Danny Barker's restored '86 memoir recalls early days of jazz – Chicago Tribune


http://www.chicagotribune.com/entertainment/music/reich/ct-jazz-danny-barker-ent-0215-20170214-column.html
 
Danny Barker's restored '86 memoir recalls early days of jazz

Regardless of whether you believe that Jelly Roll Morton invented jazz, as he famously and grandiosely claimed, he surely established the intellectual framework by which we understand jazz as an art form.
 
Morton's 1938 Library of Congress recordings with folklorist Alan Lomax, which formed the basis of Lomax's landmark book "Mister Jelly Roll," not only documented the birth of the music but explained how and why a new American art form emerged.
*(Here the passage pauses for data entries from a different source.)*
(* The conjugacy growth of Thompson's group $V$ is exponential.
   Context: Let $\mathfrak{C}=\{0,1\}^\omega$ be the Cantor space with the product topology. For $w_1,w_2\in\{0,1\}^*$, a homeomorphism maps $w_1\mathfrak{C}$ rigidly to $w_2\mathfrak{C}$ if it restricts to $w_1y\mapsto w_2y$. Thompson's group $V$ is the group of homeomorphisms $v$ of $\mathfrak{C}$ such that every $x\in\mathfrak{C}$ lies in a cone $w\mathfrak{C}$ that $v$ maps rigidly onto some cone; $V$ is finitely generated. The conjugacy growth function with respect to a finite generating set sends $n$ to the number of conjugacy classes containing an element of word length at most $n$. Exponential means it is $\sim$-equivalent to $n\mapsto 2^n$, where $f\sim g$ iff $f\preccurlyeq g$ and $g\preccurlyeq f$, and $f\preccurlyeq g$ means there is $\lambda\in\mathbb{N}\setminus\{0\}$ with $f(n)\le\lambda g(\lambda n+\lambda)+\lambda$ for all $n$. *)

theory Defs
  imports "HOL-Analysis.Analysis"
begin

type_synonym cantor = "nat \<Rightarrow> bool"

definition cantor_top :: "cantor topology" where
  "cantor_top = product_topology (\<lambda>_::nat. discrete_topology (UNIV::bool set)) UNIV"

definition prefix_app :: "bool list \<Rightarrow> cantor \<Rightarrow> cantor" where
  "prefix_app w y = (\<lambda>n. if n < length w then w ! n else y (n - length w))"

definition cone :: "bool list \<Rightarrow> cantor set" where
  "cone w = range (prefix_app w)"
By performing historic repertoire, mimicking long-forgotten musicians, analyzing early-jazz techniques and describing life in the late 19th and early 20th century New Orleans, Morton shaped the way the world perceived jazz ever after.
 
But outside of Morton, no single musician shed more light on the origins, context and meaning of early jazz than guitarist-banjoist-raconteur Danny Barker.
 
So anyone who values this music can be thankful that Barker's memoir, "A Life in Jazz," has been restored to print in lavishly illustrated, sumptuously produced form by the Historic New Orleans Collection (a repository of documentation on Crescent City life and culture). Originally published in 1986 and edited by Alyn Shipton, the tome reaffirms the singularity of Barker's voice and the value of his insights.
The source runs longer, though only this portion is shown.